(RECORDS FOR THE EXERCISE Opens)

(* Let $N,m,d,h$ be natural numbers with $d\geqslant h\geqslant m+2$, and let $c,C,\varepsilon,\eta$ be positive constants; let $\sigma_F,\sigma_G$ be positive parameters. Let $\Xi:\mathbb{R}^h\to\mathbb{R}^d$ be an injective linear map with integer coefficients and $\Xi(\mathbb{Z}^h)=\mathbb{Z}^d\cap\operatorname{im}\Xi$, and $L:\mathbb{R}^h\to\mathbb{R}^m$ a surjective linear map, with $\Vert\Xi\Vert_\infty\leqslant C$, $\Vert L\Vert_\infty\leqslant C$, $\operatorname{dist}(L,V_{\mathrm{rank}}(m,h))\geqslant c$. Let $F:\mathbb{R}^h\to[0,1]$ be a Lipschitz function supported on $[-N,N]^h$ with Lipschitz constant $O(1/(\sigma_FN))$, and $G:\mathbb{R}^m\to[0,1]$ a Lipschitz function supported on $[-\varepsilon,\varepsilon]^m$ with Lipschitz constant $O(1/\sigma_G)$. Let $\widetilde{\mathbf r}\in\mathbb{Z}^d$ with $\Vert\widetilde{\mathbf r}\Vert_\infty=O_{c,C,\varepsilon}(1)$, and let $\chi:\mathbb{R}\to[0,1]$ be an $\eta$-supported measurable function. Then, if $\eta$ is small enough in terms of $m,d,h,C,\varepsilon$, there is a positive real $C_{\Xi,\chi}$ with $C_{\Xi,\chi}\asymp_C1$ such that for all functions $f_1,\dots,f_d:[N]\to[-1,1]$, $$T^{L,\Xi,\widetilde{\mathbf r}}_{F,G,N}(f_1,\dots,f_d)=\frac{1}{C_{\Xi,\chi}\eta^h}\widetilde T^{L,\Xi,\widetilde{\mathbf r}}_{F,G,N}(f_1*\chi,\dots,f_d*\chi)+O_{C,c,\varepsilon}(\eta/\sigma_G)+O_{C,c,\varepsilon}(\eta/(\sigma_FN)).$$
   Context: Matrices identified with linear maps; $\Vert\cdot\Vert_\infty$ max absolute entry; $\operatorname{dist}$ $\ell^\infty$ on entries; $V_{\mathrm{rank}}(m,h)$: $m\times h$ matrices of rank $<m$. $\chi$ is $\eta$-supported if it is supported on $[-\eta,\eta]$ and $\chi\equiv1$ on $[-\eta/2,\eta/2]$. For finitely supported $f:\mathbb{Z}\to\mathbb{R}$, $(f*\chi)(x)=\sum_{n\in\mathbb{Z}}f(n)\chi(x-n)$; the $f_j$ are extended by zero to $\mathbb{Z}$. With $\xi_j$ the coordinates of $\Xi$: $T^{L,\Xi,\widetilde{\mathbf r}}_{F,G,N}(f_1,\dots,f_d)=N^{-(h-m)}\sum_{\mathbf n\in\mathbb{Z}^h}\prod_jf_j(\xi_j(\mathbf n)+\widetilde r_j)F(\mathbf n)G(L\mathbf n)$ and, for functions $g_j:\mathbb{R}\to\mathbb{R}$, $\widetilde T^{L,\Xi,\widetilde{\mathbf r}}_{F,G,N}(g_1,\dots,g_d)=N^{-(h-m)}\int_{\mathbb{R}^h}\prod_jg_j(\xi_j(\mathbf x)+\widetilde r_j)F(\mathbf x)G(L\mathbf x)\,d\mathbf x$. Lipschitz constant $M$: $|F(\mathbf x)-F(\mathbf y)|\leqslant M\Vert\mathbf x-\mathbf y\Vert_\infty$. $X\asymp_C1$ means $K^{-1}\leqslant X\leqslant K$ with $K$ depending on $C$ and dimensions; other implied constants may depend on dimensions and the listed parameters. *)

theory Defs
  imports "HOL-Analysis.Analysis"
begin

(RECORDS FOR THE EXERCISE Closes)

§ EXERCISE
Retype the data shown above so that each line matches the original.

§ ANSWER TO THIS EXERCISE
(* Let $N,m,d,h$ be natural numbers with $d\geqslant h\geqslant m+2$, and let $c,C,\varepsilon,\eta$ be positive constants; let $\sigma_F,\sigma_G$ be positive parameters. Let $\Xi:\mathbb{R}^h\to\mathbb{R}^d$ be an injective linear map with integer coefficients and $\Xi(\mathbb{Z}^h)=\mathbb{Z}^d\cap\operatorname{im}\Xi$, and $L:\mathbb{R}^h\to\mathbb{R}^m$ a surjective linear map, with $\Vert\Xi\Vert_\infty\leqslant C$, $\Vert L\Vert_\infty\leqslant C$, $\operatorname{dist}(L,V_{\mathrm{rank}}(m,h))\geqslant c$. Let $F:\mathbb{R}^h\to[0,1]$ be a Lipschitz function supported on $[-N,N]^h$ with Lipschitz constant $O(1/(\sigma_FN))$, and $G:\mathbb{R}^m\to[0,1]$ a Lipschitz function supported on $[-\varepsilon,\varepsilon]^m$ with Lipschitz constant $O(1/\sigma_G)$. Let $\widetilde{\mathbf r}\in\mathbb{Z}^d$ with $\Vert\widetilde{\mathbf r}\Vert_\infty=O_{c,C,\varepsilon}(1)$, and let $\chi:\mathbb{R}\to[0,1]$ be an $\eta$-supported measurable function. Then, if $\eta$ is small enough in terms of $m,d,h,C,\varepsilon$, there is a positive real $C_{\Xi,\chi}$ with $C_{\Xi,\chi}\asymp_C1$ such that for all functions $f_1,\dots,f_d:[N]\to[-1,1]$, $$T^{L,\Xi,\widetilde{\mathbf r}}_{F,G,N}(f_1,\dots,f_d)=\frac{1}{C_{\Xi,\chi}\eta^h}\widetilde T^{L,\Xi,\widetilde{\mathbf r}}_{F,G,N}(f_1*\chi,\dots,f_d*\chi)+O_{C,c,\varepsilon}(\eta/\sigma_G)+O_{C,c,\varepsilon}(\eta/(\sigma_FN)).$$
   Context: Matrices identified with linear maps; $\Vert\cdot\Vert_\infty$ max absolute entry; $\operatorname{dist}$ $\ell^\infty$ on entries; $V_{\mathrm{rank}}(m,h)$: $m\times h$ matrices of rank $<m$. $\chi$ is $\eta$-supported if it is supported on $[-\eta,\eta]$ and $\chi\equiv1$ on $[-\eta/2,\eta/2]$. For finitely supported $f:\mathbb{Z}\to\mathbb{R}$, $(f*\chi)(x)=\sum_{n\in\mathbb{Z}}f(n)\chi(x-n)$; the $f_j$ are extended by zero to $\mathbb{Z}$. With $\xi_j$ the coordinates of $\Xi$: $T^{L,\Xi,\widetilde{\mathbf r}}_{F,G,N}(f_1,\dots,f_d)=N^{-(h-m)}\sum_{\mathbf n\in\mathbb{Z}^h}\prod_jf_j(\xi_j(\mathbf n)+\widetilde r_j)F(\mathbf n)G(L\mathbf n)$ and, for functions $g_j:\mathbb{R}\to\mathbb{R}$, $\widetilde T^{L,\Xi,\widetilde{\mathbf r}}_{F,G,N}(g_1,\dots,g_d)=N^{-(h-m)}\int_{\mathbb{R}^h}\prod_jg_j(\xi_j(\mathbf x)+\widetilde r_j)F(\mathbf x)G(L\mathbf x)\,d\mathbf x$. Lipschitz constant $M$: $|F(\mathbf x)-F(\mathbf y)|\leqslant M\Vert\mathbf x-\mathbf y\Vert_\infty$. $X\asymp_C1$ means $K^{-1}\leqslant X\leqslant K$ with $K$ depending on $C$ and dimensions; other implied constants may depend on dimensions and the listed parameters. *)

theory Defs
  imports "HOL-Analysis.Analysis"
begin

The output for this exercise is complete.